═══ EXERCISE INPUT ═══
lemma arith_mean_inverse_ge_1:
  fixes s :: real
  assumes "s > 0"
  shows "1 \<le> (s + 1 / s) / 2" and "s \<noteq> 1 \<Longrightarrow> 1 < (s + 1 / s) / 2"
proof -
  have eq: "(s + 1 / s) / 2 = 1 + (s - 1)\<^sup>2 / (2 * s)"
    using assms by (simp add: field_simps power2_eq_square)
  show "1 \<le> (s + 1 / s) / 2"
    unfolding eq using assms by simp
  show "s \<noteq> 1 \<Longrightarrow> 1 < (s + 1 / s) / 2"
    unfolding eq using assms by simp
qed

lemma unitarily_invariant_norm_diag_eq_mat1:
  fixes s :: "'n::finite \<Rightarrow> real"
  assumes nu: "unitarily_invariant_norm nu" and s: "\<And>i. s i > 0"
    and le: "nu (cmat_diag (\<lambda>i. of_real (s i))) \<le> nu (mat 1)"
      "nu (cmat_diag (\<lambda>i. of_real (1 / s i))) \<le> nu (mat 1)"
  shows "s i = 1"
proof (rule ccontr)
  \<comment> \<open>the entries \<open>(s\<^sub>i + 1/s\<^sub>i)/2\<close> of the mean are \<open>\<ge> 1\<close>, with equality only for \<open>s\<^sub>i = 1\<close>\<close>
  assume "s i \<noteq> 1"
  have n: "is_cmat_norm nu"
    using nu by (rule unitarily_invariant_norm_is_cmat_norm)
  define c where "c k = (s k + 1 / s k) / 2" for k
  have "c k \<ge> 1" "c i > 1" for k
    using arith_mean_inverse_ge_1[OF s] \<open>s i \<noteq> 1\<close> by (auto simp: c_def)
  then have "nu (mat 1 :: 'n cmat) < nu (cmat_diag (\<lambda>k. of_real (c k)))"
    by (rule unitarily_invariant_norm_diag_gt_mat1[OF nu])
  also have "cmat_diag (\<lambda>k. of_real (c k)) =
      cmat_scale (of_real (1/2)) (cmat_diag (\<lambda>k. of_real (s k))) +
      cmat_scale (of_real (1/2)) (cmat_diag (\<lambda>k. of_real (1 / s k)))"
    by (simp add: vec_eq_iff c_def field_simps)
  also have "nu \<dots> \<le> \<bar>1/2\<bar> * nu (cmat_diag (\<lambda>k. of_real (s k))) + \<bar>1/2\<bar> * nu (cmat_diag (\<lambda>k. of_real (1 / s k)))"
    by (simp only: flip: is_cmat_norm_scale_real[OF n]) (rule is_cmat_norm_triangle[OF n])
  also have "\<dots> \<le> nu (mat 1)"
    using le by simp
  finally show False
    by simp
qed

section \<open>Involutions of norm one are Hermitian\<close>

lemma invertible_gram_diag_pos:
  fixes G :: "'n::finite cmat"
  assumes "invertible G"
  shows "\<exists>t>0. (cmat_adjoint G ** G) $ i $ i = of_real t"
proof -
  define t where "t = (\<Sum>k\<in>UNIV. (cmod (G $ k $ i))\<^sup>2)"
  have "(cmat_adjoint G ** G) $ i $ i = (\<Sum>k\<in>UNIV. cnj (G $ k $ i) * G $ k $ i)"
    by (simp add: matrix_matrix_mult_nth)
  also have "\<dots> = of_real t"
    by (simp only: t_def of_real_sum complex_norm_square mult.commute)
  finally have Gt: "(cmat_adjoint G ** G) $ i $ i = of_real t" .
  obtain G' where G': "G' ** G = mat 1"
    using assms by (auto simp: invertible_def)
  have "t \<noteq> 0"
  proof
    assume "t = 0"
    then have "(G' ** G) $ i $ i = 0"
      by (simp add: t_def sum_nonneg_eq_0_iff matrix_matrix_mult_nth)
    then show False
      using G' by (simp add: mat_nth)
  qed
  then have "t > 0"
    by (simp add: t_def sum_nonneg order_le_neq_trans)
  then show ?thesis
    using Gt by blast
qed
═══
§ **PROBLEM STATEMENT**:
In the records, which lines mention the word "fixes"? Copy those lines.

§ **TASK RESULT**:
  fixes s :: real
  fixes s :: "'n::finite \<Rightarrow> real"
  fixes G :: "'n::finite cmat"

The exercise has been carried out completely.